A function of the Android storage mechanism opens up an attack surface that affects all Android devices, and allows an attacker to corrupt data, steal sensitive information or even take control of a mobile phone.
Simply put, the issue – dubbed “man in the disk” – allows a bad actor to hijack the communications between privileged apps and the device disk, bypassing sandbox protections to gain access to app functions and potentially wreak havoc.
Android’s OS makes use of two types of storage – internal storage which provides every app with its own sandbox; and an external storage mechanism that uses a removable SD card. This latter storage is shared across the OS, because it’s designed to enable apps to transfer data from one app to another. So, if a user takes a picture and then wants to send it to someone using a messaging app, the external storage is the platform that allows this to happen.
“These are temporary files written to external storage, and they enable many legitimate uses of data propagation across apps,” said Check Point’s Orli Gan, head of threat prevention product management, in an interview with Threatpost at DEF CON 2018.
The issue, according to Check Point research that it presented at the hacking conference on Sunday, is that there are no built-in protections against malicious data sharing; rather, Google provides developer guidelines meant to provide a road map for security best practices. These include advice such as never writing critical data files to the external storage, and not using it to store executables or files that impact the way apps operate. Also, external storage files should be signed and cryptographically verified prior to dynamic loading, Google advises.

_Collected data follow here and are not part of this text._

lemma relabel_image_Irel:
  fixes q p :: "nat \<Rightarrow> 'k"
  assumes R: "ring (path_ring n :: (path \<Rightarrow> 'k) ring)"
    and pq: "\<And>i. i < n \<Longrightarrow> p (\<sigma> i) * b i = q i * b (Suc i mod n)"
  shows "\<Phi> ` Irel n q = Irel n p"
proof -
  let ?A = "{rel n q i | i. i < n}" and ?B = "{rel n p i | i. i < n}"
  have A: "?A \<subseteq> carrier (path_ring n)" and B: "?B \<subseteq> carrier (path_ring n)"
    using rel_in_carrier by blast+
  have "\<Phi> ` ?A \<subseteq> Irel n p"
  proof
    fix x assume "x \<in> \<Phi> ` ?A"
    then obtain i where "i < n" "x = smul (b i) (rel n p (\<sigma> i))" using relabel_rel pq by blast
    then show "x \<in> Irel n p"
      using \<sigma>_less smul_in_ideal[OF Irel_ideal[OF R]] ring.genideal_self[OF R B]
      unfolding Irel_def by blast
  qed
  moreover have "\<Psi> ` ?B \<subseteq> Irel n q"
  proof
    fix x assume "x \<in> \<Psi> ` ?B"
    then obtain j where j: "j < n" "x = \<Psi> (rel n p j)" by auto
    define i where "i = \<tau> j"
    have i: "i < n" "\<sigma> i = j" using j \<tau>_less inv_right by (auto simp: i_def)
    have "\<Phi> (smul (inverse (b i)) (rel n q i)) = rel n p j"
      using relabel_rel[where p = p and q = q, OF i(1) pq[OF i(1)]] b_nonzero[OF i(1)] i(2)
      by (simp add: relabel_smul smul_smul)
    then have "x = \<Psi> (\<Phi> (smul (inverse (b i)) (rel n q i)))" using j by simp
    also have "\<dots> = smul (inverse (b i)) (rel n q i)"
      by (rule relabel_left_inverse[OF smul_in_carrier[OF rel_in_carrier[OF i(1)]]])
    finally show "x \<in> Irel n q"
      using i smul_in_ideal[OF Irel_ideal[OF R]] ring.genideal_self[OF R A] unfolding Irel_def by blast
  qed
  moreover have "\<Phi> \<in> ring_hom (path_ring n) (path_ring n)" "\<Psi> \<in> ring_hom (path_ring n) (path_ring n)"
    using relabel_ring_iso weighted_relabelling.relabel_ring_iso[OF weighted_relabelling_inverse]
    by (simp_all add: ring_iso_def)
  ultimately show ?thesis
    using image_genideal_eq[where h = \<Phi> and h' = \<Psi>, OF R R _ _ relabel_right_inverse A B]
    unfolding Irel_def by blast
qed

lemma k_alg_iso_relabel:
  fixes q p :: "nat \<Rightarrow> 'k"
  assumes pq: "\<And>i. i < n \<Longrightarrow> p (\<sigma> i) * b i = q i * b (Suc i mod n)"
  shows "\<exists>h. k_alg_iso n q p h \<and> (\<forall>f \<in> carrier (path_ring n). h (cls n q f) = cls n p (\<Phi> f))"
proof (cases "ring (path_ring n :: (path \<Rightarrow> 'k) ring)")
  case False
  then show ?thesis using k_alg_iso_id_if_not_ring cls_eq_UNIV_if_not_ring by (metis id_apply)
next
  case R: True
  obtain h where h: "h \<in> ring_iso (Bn n q) (Bn n p)"
    and h_cls: "\<forall>f \<in> carrier (path_ring n). h (cls n q f) = cls n p (\<Phi> f)"
    using FactRing_iso_of_ring_iso[OF R R relabel_ring_iso Irel_ideal[OF R] Irel_ideal[OF R]
        relabel_image_Irel[OF R pq]]
    unfolding Bn_def cls_def by blast
  moreover have "\<Phi> (smul c \<one>\<^bsub>path_ring n\<^esub>) = smul c \<one>\<^bsub>path_ring n\<^esub>" for c
    by (simp add: relabel_smul relabel_one)
  ultimately show ?thesis using smul_one_in_carrier unfolding k_alg_iso_def by metis
qed

lemma k_alg_iso_relabel_generators:
  fixes q p :: "nat \<Rightarrow> 'k"
  assumes pq: "\<And>i. i < n \<Longrightarrow> p (\<sigma> i) * b i = q i * b (Suc i mod n)"
  shows "\<exists>h. k_alg_iso n q p h \<and>
    (\<forall>i<n. h (cls n q (vtx n i)) = cls n p (vtx n (\<sigma> i)) \<and>
           h (cls n q (arrA n i)) = cls n p (arrA n (\<sigma> i)) \<and>
           h (cls n q (loopB n i)) = cls n p (smul (b i) (loopB n (\<sigma> i))))"
proof -
  obtain h where h: "k_alg_iso n q p h"
    and h_cls: "\<forall>f \<in> carrier (path_ring n). h (cls n q f) = cls n p (\<Phi> f)"
    using k_alg_iso_relabel[OF pq] by blast
  have "h (cls n q (pth r)) = cls n p (\<Phi> (pth r))" if "valid_path n r" for r
    using h_cls pth_in_carrier[OF that] by blast
  then have "h (cls n q (vtx n i)) = cls n p (vtx n (\<sigma> i)) \<and>
        h (cls n q (arrA n i)) = cls n p (arrA n (\<sigma> i)) \<and>
        h (cls n q (loopB n i)) = cls n p (smul (b i) (loopB n (\<sigma> i)))" if i: "i < n" for i
    using i \<sigma>_less[OF i]
    by (simp add: vtx_def arrA_def loopB_def valid_path_def relabel_pth map_path_def loop_weight_def)
  then show ?thesis using h by blast
qed

end

lemma k_alg_iso_rescale_loops:
  fixes q \<alpha> :: "nat \<Rightarrow> 'k::field"
  assumes \<alpha>: "\<forall>i<n. \<alpha> i \<noteq> 0"
  defines "p \<equiv> \<lambda>i. \<alpha> (Suc i mod n) / \<alpha> i * q i"
  shows "\<exists>h. k_alg_iso n q p h \<and>
    (\<forall>i<n. h (cls n q (vtx n i)) = cls n p (vtx n i) \<and>
           h (cls n q (arrA n i)) = cls n p (arrA n i) \<and>
           h (cls n q (loopB n i)) = cls n p (smul (\<alpha> i) (loopB n i)))"
proof -
  interpret weighted_relabelling n id id \<alpha>
    by unfold_locales (use \<alpha> in auto)
  have pq: "p (id i) * \<alpha> i = q i * \<alpha> (Suc i mod n)" if "i < n" for i
    using \<alpha> that by (simp add: p_def)
  show ?thesis using k_alg_iso_relabel_generators[OF pq] by simp
qed

definition cyc_succ :: "nat \<Rightarrow> nat \<Rightarrow> nat" where
  "cyc_succ n i = (if i < n then Suc i mod n else i)"

definition cyc_pred :: "nat \<Rightarrow> nat \<Rightarrow> nat" where
  "cyc_pred n i = (if i < n then (i + n - 1) mod n else i)"

lemma pred_mod_Suc_mod: "i < n \<Longrightarrow> (Suc i mod n + n - 1) mod n = i"
  by (cases "Suc i = n") auto

lemma Suc_mod_pred_mod: "j < n \<Longrightarrow> Suc ((j + n - 1) mod n) mod n = j"
  by (cases j) (auto simp: mod_if)

lemma cyclic_relabelling_rotate: "0 < n \<Longrightarrow> cyclic_relabelling n (cyc_succ n) (cyc_pred n)"
  by unfold_locales
    (auto simp: cyc_succ_def cyc_pred_def pred_mod_Suc_mod[simplified] Suc_mod_pred_mod[simplified])

lemma k_alg_iso_rotate:
  fixes q :: "nat \<Rightarrow> 'k::field"
  assumes n: "0 < n"
  defines "p \<equiv> \<lambda>i. q ((i + n - 1) mod n)"
  shows "\<exists>h. k_alg_iso n q p h \<and>
    (\<forall>i<n. h (cls n q (vtx n i)) = cls n p (vtx n (Suc i)) \<and>
           h (cls n q (arrA n i)) = cls n p (arrA n (Suc i)) \<and>
           h (cls n q (loopB n i)) = cls n p (loopB n (Suc i)))"
proof -
  interpret weighted_relabelling n "cyc_succ n" "cyc_pred n" "\<lambda>_. 1 :: 'k"
    by (simp add: weighted_relabelling_def weighted_relabelling_axioms_def cyclic_relabelling_rotate[OF n])
  have pq: "p (cyc_succ n i) * 1 = q i * 1" if "i < n" for i
    using that by (simp add: p_def cyc_succ_def pred_mod_Suc_mod[OF that, simplified])
  show ?thesis
    using k_alg_iso_relabel_generators[where q = q and p = p, OF pq]
    by (simp add: cyc_succ_def vtx_def arrA_def loopB_def)
qed

theorem lemma2p9:
  fixes n :: nat and q \<alpha> :: "nat \<Rightarrow> 'k::field_char_0"
  assumes "alg_closed TYPE('k)"
    and "n \<ge> 2"
    and "\<forall>i<n. q i \<noteq> 0"
    and "\<forall>i<n. \<alpha> i \<noteq> 0"
  shows "(\<exists>h. k_alg_iso n q (\<lambda>i. \<alpha> (Suc i mod n) / \<alpha> i * q i) h \<and>
            (\<forall>i<n. h (cls n q (vtx n i)) = cls n (\<lambda>i. \<alpha> (Suc i mod n) / \<alpha> i * q i) (vtx n i) \<and>
                   h (cls n q (arrA n i)) = cls n (\<lambda>i. \<alpha> (Suc i mod n) / \<alpha> i * q i) (arrA n i) \<and>
                   h (cls n q (loopB n i)) = cls n (\<lambda>i. \<alpha> (Suc i mod n) / \<alpha> i * q i) (smul (\<alpha> i) (loopB n i))))
       \<and> (\<exists>h. k_alg_iso n q (\<lambda>i. q ((i + n - 1) mod n)) h \<and>
            (\<forall>i<n. h (cls n q (vtx n i)) = cls n (\<lambda>i. q ((i + n - 1) mod n)) (vtx n (Suc i)) \<and>
                   h (cls n q (arrA n i)) = cls n (\<lambda>i. q ((i + n - 1) mod n)) (arrA n (Suc i)) \<and>
                   h (cls n q (loopB n i)) = cls n (\<lambda>i. q ((i + n - 1) mod n)) (loopB n (Suc i))))"
  using k_alg_iso_rescale_loops[OF assms(4)] k_alg_iso_rotate[of n q] assms(2) by simp

end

“However, as we know, developers do not always follow guidelines,” Gan said. “They may have their own agendas, or they’re lazy, or ignorant to security, or they just haven’t bothered reading them. We started looking at that and sampling a small set of apps, and saw that not complying with guidelines is a common thing.”
In fact, roughly half of the Android apps in Google Play that Check Point examined did not comply with the guidelines. The firm examined Google Translate (see video embedded, below), Yandex Translate, Google Voice Typing, Google Text-to-Speech and Xiaomi Browser, among others.
“Some of the apps in question are made by Google themselves,” said Gan. “So even Google’s own developers don’t necessarily follow Android guidelines.”
This lack of diligence opens up the data that an application writes to the external storage to interlopers.
“Apps monitor what’s being written to the shared external storage component – and an attacker can use this fact to ultimately replace that data to cause any number of results,” Gan explained. “The way an attacker uses this is that he would convince a user to download a conceivably naïve app – a flashlight, a game, something trivial. Once that app is installed, then the attacker has a way to continuously monitor that external storage – because all Android apps have visibility to it. He can see when apps are writing to to that storage – and can simply replace its data with his own data.”
This can be abused to install another app in the background without the user’s knowledge; and further, whatever privileges the attacked app has, the bad code can gain access to all of those privileges for its own purposes.
“If you have an improperly developed app with high privileges, such as one that allows access to the camera, microphone, contact list etc., the malicious app can inject code running in context of app to make use of those,” Gan explained.
For instance, in the case of Google Translate, Yandex Translate and Google Voice Typing, Check Point found that the developers failed to validate the integrity of data read from the external storage. As such, the team was able to compromise certain files required by these apps, resulting in the crash of each of them – which in turn opened the door to code injection.
Check Point approached the developers of the vulnerable applications, and Gan said that “most, not all” chose to fix it – Google was in the former camp, although it was not as responsive on the built-in protection front; Gan said that its Android team told Check Point that the responsibility lies with developers to be secure when they create applications.
This lack of tackling built-in protections is problematic, she said.
“Two decades ago, you just needed a buffer overflow to inject code into Windows – it was simple to craft malware to run in the context of the OS. One could always argue that the developer didn’t follow the guidelines and introduce the right checks and balances, but the security landscape didn’t improve until MSFT and Intel introduced built-in protections. There are millions of developers and it’s unrealistic to expect them to all put security first. Solving the problem of this attack surface is not going to happen without the help of the OS-maker.”